Exercise description. Retrieve every line of the data holding the word "number".

Provided data.
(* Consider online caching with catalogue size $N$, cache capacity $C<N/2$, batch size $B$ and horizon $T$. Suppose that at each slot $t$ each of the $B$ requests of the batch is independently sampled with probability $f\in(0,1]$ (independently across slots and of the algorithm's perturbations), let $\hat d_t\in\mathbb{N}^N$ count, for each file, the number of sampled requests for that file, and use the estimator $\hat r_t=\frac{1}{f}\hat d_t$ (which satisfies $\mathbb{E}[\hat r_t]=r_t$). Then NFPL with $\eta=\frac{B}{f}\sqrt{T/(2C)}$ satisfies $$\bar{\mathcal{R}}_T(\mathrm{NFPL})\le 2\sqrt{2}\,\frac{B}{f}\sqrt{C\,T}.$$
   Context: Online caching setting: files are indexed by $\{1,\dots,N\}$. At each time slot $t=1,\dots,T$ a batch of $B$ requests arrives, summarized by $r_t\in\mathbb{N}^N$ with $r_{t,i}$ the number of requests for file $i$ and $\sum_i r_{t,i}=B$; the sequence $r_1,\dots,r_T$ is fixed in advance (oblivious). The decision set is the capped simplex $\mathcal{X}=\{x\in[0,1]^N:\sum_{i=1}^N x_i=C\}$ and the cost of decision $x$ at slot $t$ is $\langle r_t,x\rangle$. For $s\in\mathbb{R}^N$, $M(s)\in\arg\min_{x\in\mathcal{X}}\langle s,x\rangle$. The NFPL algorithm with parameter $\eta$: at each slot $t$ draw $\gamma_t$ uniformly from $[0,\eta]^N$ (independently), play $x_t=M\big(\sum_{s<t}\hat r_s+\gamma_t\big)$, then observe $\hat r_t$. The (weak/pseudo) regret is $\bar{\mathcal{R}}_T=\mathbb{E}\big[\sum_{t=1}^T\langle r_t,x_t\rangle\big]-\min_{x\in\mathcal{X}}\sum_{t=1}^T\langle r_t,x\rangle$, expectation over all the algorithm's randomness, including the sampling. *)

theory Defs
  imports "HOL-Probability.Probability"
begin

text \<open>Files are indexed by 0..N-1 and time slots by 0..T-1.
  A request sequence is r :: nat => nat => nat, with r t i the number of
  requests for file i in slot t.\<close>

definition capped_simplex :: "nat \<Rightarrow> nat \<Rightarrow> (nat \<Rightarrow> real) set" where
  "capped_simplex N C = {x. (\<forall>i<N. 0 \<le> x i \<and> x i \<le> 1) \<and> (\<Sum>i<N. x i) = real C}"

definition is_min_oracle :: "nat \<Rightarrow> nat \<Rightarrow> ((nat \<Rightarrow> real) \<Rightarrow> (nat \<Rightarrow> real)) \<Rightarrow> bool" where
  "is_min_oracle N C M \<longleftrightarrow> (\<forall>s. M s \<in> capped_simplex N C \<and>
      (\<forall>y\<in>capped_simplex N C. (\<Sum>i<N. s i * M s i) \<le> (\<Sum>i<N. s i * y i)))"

Solution to this task.
(* Consider online caching with catalogue size $N$, cache capacity $C<N/2$, batch size $B$ and horizon $T$. Suppose that at each slot $t$ each of the $B$ requests of the batch is independently sampled with probability $f\in(0,1]$ (independently across slots and of the algorithm's perturbations), let $\hat d_t\in\mathbb{N}^N$ count, for each file, the number of sampled requests for that file, and use the estimator $\hat r_t=\frac{1}{f}\hat d_t$ (which satisfies $\mathbb{E}[\hat r_t]=r_t$). Then NFPL with $\eta=\frac{B}{f}\sqrt{T/(2C)}$ satisfies $$\bar{\mathcal{R}}_T(\mathrm{NFPL})\le 2\sqrt{2}\,\frac{B}{f}\sqrt{C\,T}.$$
   Context: Online caching setting: files are indexed by $\{1,\dots,N\}$. At each time slot $t=1,\dots,T$ a batch of $B$ requests arrives, summarized by $r_t\in\mathbb{N}^N$ with $r_{t,i}$ the number of requests for file $i$ and $\sum_i r_{t,i}=B$; the sequence $r_1,\dots,r_T$ is fixed in advance (oblivious). The decision set is the capped simplex $\mathcal{X}=\{x\in[0,1]^N:\sum_{i=1}^N x_i=C\}$ and the cost of decision $x$ at slot $t$ is $\langle r_t,x\rangle$. For $s\in\mathbb{R}^N$, $M(s)\in\arg\min_{x\in\mathcal{X}}\langle s,x\rangle$. The NFPL algorithm with parameter $\eta$: at each slot $t$ draw $\gamma_t$ uniformly from $[0,\eta]^N$ (independently), play $x_t=M\big(\sum_{s<t}\hat r_s+\gamma_t\big)$, then observe $\hat r_t$. The (weak/pseudo) regret is $\bar{\mathcal{R}}_T=\mathbb{E}\big[\sum_{t=1}^T\langle r_t,x_t\rangle\big]-\min_{x\in\mathcal{X}}\sum_{t=1}^T\langle r_t,x\rangle$, expectation over all the algorithm's randomness, including the sampling. *)
  A request sequence is r :: nat => nat => nat, with r t i the number of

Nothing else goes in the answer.